Consider Dan Burbulla and Laura Wood, a couple in their mid-50s whose two sons are finishing college. With an urge to downsize and find a more urban lifestyle, they’re selling their house in Rochester Hills and moving in to their new condo in the Willys Overland Lofts building near Willis and Cass in Midtown. They paid $330,000 for the one-bedroom unit with a balcony view overlooking downtown Detroit.
“We were looking for a more urban area,” Burbulla, a logistics expert, said last week. “We looked online at downtown Rochester, Royal Oak, and (the Willys) was very comparable to what we saw out there. We were a little bit surprised at the way the prices were increasing. Even in the short time that we were looking, we saw things come and go.”
Many of the condos for sale were built in the Woodward corridor between roughly 2002, when downtown redevelopment began to pick up speed, and the national real estate crash of 2008. So there’s a limited supply of for-sale units available.
Indeed, that $293,000 median sales price so far this year in the Midtown district is based on just 12 sales, according to data provided by Realcomp.
The short supply has required quick decision-making for home shoppers.
“We just started the search in January, and there was a shortage of units for purchase,” Burbulla said. “That surprised us, and the prices seemed to be rising so luckily we found a gentleman who was selling in that (Willys) building. We really liked the building so we kind of jumped in.”
Michael and Bianca Siegel, medical doctors trained at Wayne State University, rented an apartment last summer in the Lofts at Merchants Row on Woodward downtown while they looked for a home to buy. The market, they found, was “insane,” Michael Siegel said.

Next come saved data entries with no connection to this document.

lemma localization_iso_split_epi_fixes:
  assumes "localization_iso E S e" "e \<in> Hom K W" "c \<in> Hom W K" "e \<cdot> c = Id E W"
  shows "\<exists>V u. u \<in> S \<and> u \<in> Hom V K \<and> c \<cdot> (e \<cdot> u) = u"
proof -
  have O: "K \<in> Obj E" "W \<in> Obj E" using hom_objs[OF assms(2)] by auto
  note F = is_functor_roof_functor[of K]
  have C: "is_category (roof_cat K)" using carrier_equiv.rel_category_is_category[OF carrier_equiv_roofs] .
  have "Comp (roof_cat K) (roof_functor K e) (roof_functor K c) = Id (roof_cat K) W"
    using functor_comp[OF F assms(3,2)] assms(4) functor_id[OF F O(2)] by simp
  then have "Comp (roof_cat K) (roof_functor K c) (roof_functor K e) = Id (roof_cat K) K"
    using iso_right_inverse_is_inverse[OF C localization_iso_roof_functor_iso[OF assms(1)]
        roof_functor_in_hom[OF assms(2)] roof_functor_in_hom[OF assms(3)]] by simp
  then have "roof_functor K (c \<cdot> e) = Id (roof_cat K) K" using functor_comp[OF F assms(2,3)] by simp
  then have "postcomp_rel K (c \<cdot> e) = equiv_on_carrier (roofs K) (roof_equiv K) K"
    using comp_in_hom[OF assms(2,3)] roof_cat_simps unfolding roof_functor_def hom_def
    by (simp add: rel_arrow_eq_iff)
  then have "((Id E K, Id E K), (Id E K, Id E K)) \<in> postcomp_rel K (c \<cdot> e)"
    using Id_roof[OF O(1)] roof_equiv_refl unfolding equiv_on_carrier_def by blast
  then have "roof_equiv K (Id E K, (c \<cdot> e) \<cdot> Id E K) (Id E K, Id E K)"
    using postcomp_rel_iff[OF comp_in_hom[OF assms(2,3)]] by blast
  then obtain X0 V u1 u2 where u: "u1 \<in> Hom V (Dom E (Id E K))" "u2 \<in> Hom V (Dom E (Id E K))"
    "Id E K \<cdot> u1 = Id E K \<cdot> u2" "Id E K \<cdot> u1 \<in> S" "((c \<cdot> e) \<cdot> Id E K) \<cdot> u1 = Id E K \<cdot> u2"
    by (auto elim: roof_equivE)
  moreover have u12: "u1 \<in> Hom V K" "u2 \<in> Hom V K" using u(1,2) id_in_hom[OF O(1)] unfolding hom_def by auto
  ultimately have "u1 \<in> S" "c \<cdot> (e \<cdot> u1) = u1"
    using comp_in_hom[OF assms(2,3)] comp_assoc[OF u12(1) assms(2,3)] by simp_all
  then show ?thesis using u12(1) by blast
qed

lemma localization_iso_split_epi_in_S:
  assumes "localization_iso E S e" "e \<in> Hom K W" "c \<in> Hom W K" "e \<cdot> c = Id E W"
  shows "\<exists>V u. u \<in> S \<and> u \<in> Hom V K \<and> e \<cdot> u \<in> S"
proof -
  obtain V u where u: "u \<in> S" "u \<in> Hom V K" "c \<cdot> (e \<cdot> u) = u"
    using localization_iso_split_epi_fixes[OF assms] by blast
  have K: "K \<in> Obj E" and ce: "c \<cdot> e \<in> Hom K K" using hom_objs[OF u(2)] comp_in_hom[OF assms(2,3)] by auto
  have "(Id E K \<ominus> c \<cdot> e) \<cdot> u = u \<ominus> u"
    using diff_comp[OF u(2) id_in_hom[OF K] ce] comp_assoc[OF u(2) assms(2,3)] u(2,3) by simp
  also have "\<dots> = Z V K" using diff_eq_zero_iff[OF u(2) u(2)] by simp
  finally have "(Id E K \<ominus> c \<cdot> e) \<cdot> u = Z V K" .
  moreover have "Dom E u = V" "Cod E u = K" using u(2) unfolding hom_def by auto
  ultimately have "factors_through_A (Id E K \<ominus> c \<cdot> e) K K"
    using factors_through_A_if_vanishes_on_S[OF u(1), of "Id E K \<ominus> c \<cdot> e" K]
      diff_in_hom[OF id_in_hom[OF K] ce] by simp
  then show ?thesis using split_epi_in_S_if_complement_factors_through_A[OF assms(2-4)] by blast
qed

“We looked to buy a loft in the downtown area,” he said. “Prices were just nuts so we shifted and said we’ll rent, which was challenging in itself finding a rental.”

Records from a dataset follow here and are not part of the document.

lemma reaction_integrals_eq_react_diss:
  fixes U V u v :: "real \<Rightarrow> real"
  assumes p: "p \<noteq> 0" "p \<noteq> 1"
    and pos: "\<And>y. U y > 0" "\<And>y. V y > 0" "\<And>y. u y > 0" "\<And>y. v y > 0"
    and UV: "\<And>y. U y powr \<alpha> = V y powr \<alpha>"
    and int_u: "integrable lborel (\<lambda>y. Fent' p (u y / U y) * (c * \<alpha> * k * (v y powr \<alpha> - u y powr \<alpha>)))"
    and int_v: "integrable lborel (\<lambda>y. Fent' p (v y / V y) * (- c * \<alpha> * k * (v y powr \<alpha> - u y powr \<alpha>)))"
  shows "(\<integral>y. Fent' p (u y / U y) * (c * \<alpha> * k * (v y powr \<alpha> - u y powr \<alpha>)) \<partial>lborel)
      + (\<integral>y. Fent' p (v y / V y) * (- c * \<alpha> * k * (v y powr \<alpha> - u y powr \<alpha>)) \<partial>lborel)
    = - (c * react_diss p k \<alpha> U (\<lambda>y. u y / U y) (\<lambda>y. v y / V y))"
proof -
  have pointwise: "Fent' p (u y / U y) * (c * \<alpha> * k * (v y powr \<alpha> - u y powr \<alpha>))
      + Fent' p (v y / V y) * (- c * \<alpha> * k * (v y powr \<alpha> - u y powr \<alpha>))
    = - (c * (k * U y powr \<alpha> * (\<alpha> / (p - 1))
        * ((v y / V y) powr (p - 1) - (u y / U y) powr (p - 1))
        * ((v y / V y) powr \<alpha> - (u y / U y) powr \<alpha>)))" for y
  proof -
    have X: "v y powr \<alpha> - u y powr \<alpha> = U y powr \<alpha> * ((v y / V y) powr \<alpha> - (u y / U y) powr \<alpha>)"
      using pos[of y] UV[of y] by (simp add: powr_divide right_diff_distrib)
    define q where "q = 1 / (p - 1)"
    have F': "Fent' p z = (z powr (p - 1) - 1) * q" for z
      using p by (simp add: Fent'_def q_def)
    have "\<alpha> / (p - 1) = \<alpha> * q"
      by (simp add: q_def)
    then show ?thesis
      unfolding F' X by algebra
  qed
  have "(\<integral>y. Fent' p (u y / U y) * (c * \<alpha> * k * (v y powr \<alpha> - u y powr \<alpha>)) \<partial>lborel)
      + (\<integral>y. Fent' p (v y / V y) * (- c * \<alpha> * k * (v y powr \<alpha> - u y powr \<alpha>)) \<partial>lborel)
    = (\<integral>y. Fent' p (u y / U y) * (c * \<alpha> * k * (v y powr \<alpha> - u y powr \<alpha>))
        + Fent' p (v y / V y) * (- c * \<alpha> * k * (v y powr \<alpha> - u y powr \<alpha>)) \<partial>lborel)"
    using int_u int_v by (rule Bochner_Integration.integral_add[symmetric])
  also have "\<dots> = - (c * react_diss p k \<alpha> U (\<lambda>y. u y / U y) (\<lambda>y. v y / V y))"
    unfolding pointwise react_diss_def by simp
  finally show ?thesis .
qed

Michael Siegel had lived in the Kales Building on Grand Circus Park in 2009-13 during his medical training, and prices were much cheaper then.
“You could buy things, I don’t mean to say pennies, but these places that are now going for two, three hundred, four hundred grand were going for like $75,000, $80,000, $100,000. And the two years I was gone, from 2013 to 2015, it was insane. The market just went nuts,” Michael Siegel said.
They eventually bought a home in Palmer Woods, a 4,700-square-foot house for which they paid $555,000. They move in next week.
Black himself had a similar personal experience. Looking to buy a home in Detroit’s Sherwood Forest district, he found himself competing with other shoppers.
“It took a year to find the house,” he said. “I was outbid on three other properties in the neighborhood. Ultimately the house that I bought my offer was sight unseen.” Black paid $365,000 for the house, adding, “And since I bought prices have gone up.”
Such anecdotes are becoming commonplace in Detroit these days. Detroit cannot count itself a success until the rising values spread more generally throughout the city. But something remarkable is happening, all the same.